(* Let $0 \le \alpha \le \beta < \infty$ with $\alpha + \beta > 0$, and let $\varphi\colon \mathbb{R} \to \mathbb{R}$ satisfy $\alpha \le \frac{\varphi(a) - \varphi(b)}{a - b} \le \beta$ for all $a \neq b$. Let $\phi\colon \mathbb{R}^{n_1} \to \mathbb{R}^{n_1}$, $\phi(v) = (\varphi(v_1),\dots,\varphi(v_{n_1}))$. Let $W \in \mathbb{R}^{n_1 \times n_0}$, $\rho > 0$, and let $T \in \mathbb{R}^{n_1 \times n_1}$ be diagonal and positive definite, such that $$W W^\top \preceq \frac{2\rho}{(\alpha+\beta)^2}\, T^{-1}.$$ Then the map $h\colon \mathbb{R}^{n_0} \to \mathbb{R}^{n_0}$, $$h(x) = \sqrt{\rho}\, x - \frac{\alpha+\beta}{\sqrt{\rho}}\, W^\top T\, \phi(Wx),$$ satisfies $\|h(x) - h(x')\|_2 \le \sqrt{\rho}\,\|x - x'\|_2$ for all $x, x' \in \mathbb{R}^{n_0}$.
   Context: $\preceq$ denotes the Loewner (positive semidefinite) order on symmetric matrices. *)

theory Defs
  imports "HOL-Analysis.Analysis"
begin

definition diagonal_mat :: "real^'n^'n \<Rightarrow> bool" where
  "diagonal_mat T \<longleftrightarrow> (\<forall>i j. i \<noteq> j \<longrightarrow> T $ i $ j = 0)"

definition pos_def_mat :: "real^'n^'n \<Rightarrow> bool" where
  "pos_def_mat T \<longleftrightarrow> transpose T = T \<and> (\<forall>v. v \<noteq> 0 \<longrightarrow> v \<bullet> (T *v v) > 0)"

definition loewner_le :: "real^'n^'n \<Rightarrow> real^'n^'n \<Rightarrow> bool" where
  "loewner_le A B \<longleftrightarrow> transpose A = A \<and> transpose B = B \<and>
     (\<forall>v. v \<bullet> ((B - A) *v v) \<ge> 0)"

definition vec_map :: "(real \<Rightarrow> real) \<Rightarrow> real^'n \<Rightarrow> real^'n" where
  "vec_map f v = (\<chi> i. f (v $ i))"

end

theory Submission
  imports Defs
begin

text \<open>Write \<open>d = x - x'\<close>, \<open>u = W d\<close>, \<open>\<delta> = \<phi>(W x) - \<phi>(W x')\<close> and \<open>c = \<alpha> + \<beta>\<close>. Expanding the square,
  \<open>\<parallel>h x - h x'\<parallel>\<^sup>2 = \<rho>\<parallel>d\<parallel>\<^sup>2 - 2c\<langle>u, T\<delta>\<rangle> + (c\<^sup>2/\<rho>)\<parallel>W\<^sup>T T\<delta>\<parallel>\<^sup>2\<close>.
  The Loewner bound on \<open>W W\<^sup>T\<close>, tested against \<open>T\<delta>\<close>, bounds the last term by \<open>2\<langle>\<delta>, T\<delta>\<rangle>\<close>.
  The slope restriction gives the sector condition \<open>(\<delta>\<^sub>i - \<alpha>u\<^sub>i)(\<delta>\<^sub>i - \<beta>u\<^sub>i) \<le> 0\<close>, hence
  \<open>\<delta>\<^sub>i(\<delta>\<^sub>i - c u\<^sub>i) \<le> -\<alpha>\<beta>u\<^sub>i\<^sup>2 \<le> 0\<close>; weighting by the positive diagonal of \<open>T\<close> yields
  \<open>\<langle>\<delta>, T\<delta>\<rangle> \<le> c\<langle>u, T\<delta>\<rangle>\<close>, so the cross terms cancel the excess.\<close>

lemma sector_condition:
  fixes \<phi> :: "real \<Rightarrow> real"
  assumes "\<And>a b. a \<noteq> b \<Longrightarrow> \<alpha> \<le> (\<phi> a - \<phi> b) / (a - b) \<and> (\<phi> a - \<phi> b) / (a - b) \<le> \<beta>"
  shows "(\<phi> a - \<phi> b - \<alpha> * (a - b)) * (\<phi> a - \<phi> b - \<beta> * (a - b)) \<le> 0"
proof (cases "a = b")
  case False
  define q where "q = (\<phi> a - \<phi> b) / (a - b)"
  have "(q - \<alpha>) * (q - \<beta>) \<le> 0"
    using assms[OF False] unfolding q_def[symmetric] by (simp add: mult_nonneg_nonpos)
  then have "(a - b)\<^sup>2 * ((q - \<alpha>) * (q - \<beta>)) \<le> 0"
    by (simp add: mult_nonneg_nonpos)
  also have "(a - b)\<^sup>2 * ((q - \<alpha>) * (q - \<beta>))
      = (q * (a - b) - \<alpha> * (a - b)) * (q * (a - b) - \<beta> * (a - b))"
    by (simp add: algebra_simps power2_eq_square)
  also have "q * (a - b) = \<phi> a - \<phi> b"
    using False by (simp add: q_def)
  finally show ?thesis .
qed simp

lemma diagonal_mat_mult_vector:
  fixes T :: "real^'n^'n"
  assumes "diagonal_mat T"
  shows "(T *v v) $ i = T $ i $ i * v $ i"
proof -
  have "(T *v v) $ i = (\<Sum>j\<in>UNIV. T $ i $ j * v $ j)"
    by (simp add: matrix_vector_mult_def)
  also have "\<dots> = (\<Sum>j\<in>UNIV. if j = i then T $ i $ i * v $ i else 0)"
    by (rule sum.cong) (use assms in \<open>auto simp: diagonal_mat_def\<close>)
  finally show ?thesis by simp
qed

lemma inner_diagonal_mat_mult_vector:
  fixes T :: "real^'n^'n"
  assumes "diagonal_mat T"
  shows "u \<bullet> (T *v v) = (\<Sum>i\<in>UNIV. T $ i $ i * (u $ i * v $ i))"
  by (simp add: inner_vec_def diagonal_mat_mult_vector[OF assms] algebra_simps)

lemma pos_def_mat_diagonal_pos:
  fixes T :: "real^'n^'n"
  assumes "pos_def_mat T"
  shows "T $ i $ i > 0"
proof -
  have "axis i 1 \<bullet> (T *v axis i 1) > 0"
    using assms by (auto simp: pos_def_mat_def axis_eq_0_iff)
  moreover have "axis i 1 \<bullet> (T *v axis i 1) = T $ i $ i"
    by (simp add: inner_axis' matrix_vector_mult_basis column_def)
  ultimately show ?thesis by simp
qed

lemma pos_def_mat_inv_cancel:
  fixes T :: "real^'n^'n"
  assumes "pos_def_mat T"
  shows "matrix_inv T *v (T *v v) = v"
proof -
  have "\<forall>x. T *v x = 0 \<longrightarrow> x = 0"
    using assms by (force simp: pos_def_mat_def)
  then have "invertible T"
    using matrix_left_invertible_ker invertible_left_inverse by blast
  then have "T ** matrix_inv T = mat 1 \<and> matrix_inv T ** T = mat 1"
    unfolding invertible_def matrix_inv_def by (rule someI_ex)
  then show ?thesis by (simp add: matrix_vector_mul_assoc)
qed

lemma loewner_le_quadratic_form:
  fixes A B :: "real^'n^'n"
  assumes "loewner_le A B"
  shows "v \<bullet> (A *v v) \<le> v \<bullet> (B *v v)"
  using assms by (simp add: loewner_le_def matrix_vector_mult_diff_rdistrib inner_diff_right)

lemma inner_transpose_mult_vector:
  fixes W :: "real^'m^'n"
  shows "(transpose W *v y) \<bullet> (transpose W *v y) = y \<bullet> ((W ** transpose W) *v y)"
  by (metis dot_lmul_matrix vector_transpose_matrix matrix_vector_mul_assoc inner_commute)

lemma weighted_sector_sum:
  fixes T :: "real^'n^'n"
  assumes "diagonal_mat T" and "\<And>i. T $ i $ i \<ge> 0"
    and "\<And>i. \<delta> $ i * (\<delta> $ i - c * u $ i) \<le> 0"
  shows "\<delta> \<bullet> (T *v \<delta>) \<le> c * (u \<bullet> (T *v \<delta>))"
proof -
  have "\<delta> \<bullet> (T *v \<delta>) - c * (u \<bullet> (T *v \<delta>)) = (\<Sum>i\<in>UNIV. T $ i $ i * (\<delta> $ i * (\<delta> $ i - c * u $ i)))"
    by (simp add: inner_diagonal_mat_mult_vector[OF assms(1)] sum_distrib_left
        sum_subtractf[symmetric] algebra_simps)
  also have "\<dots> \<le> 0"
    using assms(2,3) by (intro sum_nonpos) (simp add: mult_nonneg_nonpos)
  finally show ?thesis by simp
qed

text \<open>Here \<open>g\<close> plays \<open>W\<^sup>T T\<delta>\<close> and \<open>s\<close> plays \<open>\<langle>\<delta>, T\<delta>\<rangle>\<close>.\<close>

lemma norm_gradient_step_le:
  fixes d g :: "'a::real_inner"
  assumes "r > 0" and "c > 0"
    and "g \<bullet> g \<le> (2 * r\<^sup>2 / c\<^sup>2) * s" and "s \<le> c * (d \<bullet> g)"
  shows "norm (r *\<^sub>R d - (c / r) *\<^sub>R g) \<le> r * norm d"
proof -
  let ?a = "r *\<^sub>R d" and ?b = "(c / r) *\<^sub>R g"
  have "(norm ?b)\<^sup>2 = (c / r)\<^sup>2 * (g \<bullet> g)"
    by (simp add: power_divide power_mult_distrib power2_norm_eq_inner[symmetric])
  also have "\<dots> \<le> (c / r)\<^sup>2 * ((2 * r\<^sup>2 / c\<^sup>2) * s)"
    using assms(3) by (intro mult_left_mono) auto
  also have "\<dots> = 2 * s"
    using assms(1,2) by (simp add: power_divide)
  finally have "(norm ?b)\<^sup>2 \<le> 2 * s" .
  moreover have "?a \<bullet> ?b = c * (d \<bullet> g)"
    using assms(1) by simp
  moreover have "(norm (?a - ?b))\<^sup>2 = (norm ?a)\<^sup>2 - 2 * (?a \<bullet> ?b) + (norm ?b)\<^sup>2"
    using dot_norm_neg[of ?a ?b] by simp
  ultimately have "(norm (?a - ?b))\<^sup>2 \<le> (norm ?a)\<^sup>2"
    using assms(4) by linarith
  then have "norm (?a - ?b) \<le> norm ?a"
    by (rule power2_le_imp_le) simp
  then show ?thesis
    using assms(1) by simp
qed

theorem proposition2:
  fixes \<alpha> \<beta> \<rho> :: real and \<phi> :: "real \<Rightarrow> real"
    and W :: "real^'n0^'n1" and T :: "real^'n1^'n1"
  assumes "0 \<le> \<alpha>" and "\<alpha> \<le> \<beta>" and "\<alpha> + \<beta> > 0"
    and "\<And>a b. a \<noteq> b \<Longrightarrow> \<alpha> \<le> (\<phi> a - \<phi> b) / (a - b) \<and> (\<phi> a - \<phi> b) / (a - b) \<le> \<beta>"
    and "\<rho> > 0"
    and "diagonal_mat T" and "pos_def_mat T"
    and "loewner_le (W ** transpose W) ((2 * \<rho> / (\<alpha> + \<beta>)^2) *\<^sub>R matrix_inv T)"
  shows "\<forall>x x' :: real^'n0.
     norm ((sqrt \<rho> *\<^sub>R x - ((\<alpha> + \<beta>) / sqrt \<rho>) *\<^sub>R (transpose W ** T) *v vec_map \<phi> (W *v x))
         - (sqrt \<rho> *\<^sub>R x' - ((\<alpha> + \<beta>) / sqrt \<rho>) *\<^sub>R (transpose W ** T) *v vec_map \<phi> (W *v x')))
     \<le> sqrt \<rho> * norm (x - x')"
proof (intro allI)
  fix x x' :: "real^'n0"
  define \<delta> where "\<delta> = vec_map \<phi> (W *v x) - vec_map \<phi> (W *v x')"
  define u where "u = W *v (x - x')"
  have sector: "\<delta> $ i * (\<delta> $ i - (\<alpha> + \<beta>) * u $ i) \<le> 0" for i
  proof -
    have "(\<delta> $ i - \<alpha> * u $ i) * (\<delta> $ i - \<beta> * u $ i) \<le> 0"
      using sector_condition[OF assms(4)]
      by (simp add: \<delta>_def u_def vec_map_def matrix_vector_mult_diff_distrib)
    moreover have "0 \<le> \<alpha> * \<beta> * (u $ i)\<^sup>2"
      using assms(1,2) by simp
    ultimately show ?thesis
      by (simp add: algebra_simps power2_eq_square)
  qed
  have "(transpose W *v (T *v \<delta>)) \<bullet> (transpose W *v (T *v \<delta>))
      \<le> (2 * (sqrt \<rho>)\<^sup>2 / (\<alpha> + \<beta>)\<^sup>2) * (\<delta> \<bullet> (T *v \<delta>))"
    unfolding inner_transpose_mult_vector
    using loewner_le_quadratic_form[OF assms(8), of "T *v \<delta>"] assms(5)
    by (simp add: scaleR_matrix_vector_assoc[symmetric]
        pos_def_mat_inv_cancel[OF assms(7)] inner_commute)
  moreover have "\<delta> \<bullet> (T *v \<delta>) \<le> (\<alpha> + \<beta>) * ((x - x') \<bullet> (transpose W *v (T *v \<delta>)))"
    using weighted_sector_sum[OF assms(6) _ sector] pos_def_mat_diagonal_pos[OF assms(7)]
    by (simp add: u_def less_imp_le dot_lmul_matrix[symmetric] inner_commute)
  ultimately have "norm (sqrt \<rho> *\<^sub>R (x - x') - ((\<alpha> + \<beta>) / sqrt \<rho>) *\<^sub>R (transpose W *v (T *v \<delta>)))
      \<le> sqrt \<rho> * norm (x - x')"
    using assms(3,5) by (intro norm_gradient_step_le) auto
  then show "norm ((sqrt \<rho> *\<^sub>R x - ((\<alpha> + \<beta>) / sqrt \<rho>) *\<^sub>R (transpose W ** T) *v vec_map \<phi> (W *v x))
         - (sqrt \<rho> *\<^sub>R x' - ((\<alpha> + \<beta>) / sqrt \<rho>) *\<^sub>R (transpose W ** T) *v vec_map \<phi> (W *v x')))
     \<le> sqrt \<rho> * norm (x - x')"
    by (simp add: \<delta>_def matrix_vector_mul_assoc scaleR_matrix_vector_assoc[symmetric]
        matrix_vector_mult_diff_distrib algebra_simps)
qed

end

──────

(Your assignment):
The answer must hold only the lines from the first line of the data through the line bearing "The Loewner bound", returned exactly.

(Task response):
(* Let $0 \le \alpha \le \beta < \infty$ with $\alpha + \beta > 0$, and let $\varphi\colon \mathbb{R} \to \mathbb{R}$ satisfy $\alpha \le \frac{\varphi(a) - \varphi(b)}{a - b} \le \beta$ for all $a \neq b$. Let $\phi\colon \mathbb{R}^{n_1} \to \mathbb{R}^{n_1}$, $\phi(v) = (\varphi(v_1),\dots,\varphi(v_{n_1}))$. Let $W \in \mathbb{R}^{n_1 \times n_0}$, $\rho > 0$, and let $T \in \mathbb{R}^{n_1 \times n_1}$ be diagonal and positive definite, such that $$W W^\top \preceq \frac{2\rho}{(\alpha+\beta)^2}\, T^{-1}.$$ Then the map $h\colon \mathbb{R}^{n_0} \to \mathbb{R}^{n_0}$, $$h(x) = \sqrt{\rho}\, x - \frac{\alpha+\beta}{\sqrt{\rho}}\, W^\top T\, \phi(Wx),$$ satisfies $\|h(x) - h(x')\|_2 \le \sqrt{\rho}\,\|x - x'\|_2$ for all $x, x' \in \mathbb{R}^{n_0}$.
   Context: $\preceq$ denotes the Loewner (positive semidefinite) order on symmetric matrices. *)

theory Defs
  imports "HOL-Analysis.Analysis"
begin

definition diagonal_mat :: "real^'n^'n \<Rightarrow> bool" where
  "diagonal_mat T \<longleftrightarrow> (\<forall>i j. i \<noteq> j \<longrightarrow> T $ i $ j = 0)"

definition pos_def_mat :: "real^'n^'n \<Rightarrow> bool" where
  "pos_def_mat T \<longleftrightarrow> transpose T = T \<and> (\<forall>v. v \<noteq> 0 \<longrightarrow> v \<bullet> (T *v v) > 0)"

definition loewner_le :: "real^'n^'n \<Rightarrow> real^'n^'n \<Rightarrow> bool" where
  "loewner_le A B \<longleftrightarrow> transpose A = A \<and> transpose B = B \<and>
     (\<forall>v. v \<bullet> ((B - A) *v v) \<ge> 0)"

definition vec_map :: "(real \<Rightarrow> real) \<Rightarrow> real^'n \<Rightarrow> real^'n" where
  "vec_map f v = (\<chi> i. f (v $ i))"

end

theory Submission
  imports Defs
begin

text \<open>Write \<open>d = x - x'\<close>, \<open>u = W d\<close>, \<open>\<delta> = \<phi>(W x) - \<phi>(W x')\<close> and \<open>c = \<alpha> + \<beta>\<close>. Expanding the square,
  \<open>\<parallel>h x - h x'\<parallel>\<^sup>2 = \<rho>\<parallel>d\<parallel>\<^sup>2 - 2c\<langle>u, T\<delta>\<rangle> + (c\<^sup>2/\<rho>)\<parallel>W\<^sup>T T\<delta>\<parallel>\<^sup>2\<close>.
  The Loewner bound on \<open>W W\<^sup>T\<close>, tested against \<open>T\<delta>\<close>, bounds the last term by \<open>2\<langle>\<delta>, T\<delta>\<rangle>\<close>.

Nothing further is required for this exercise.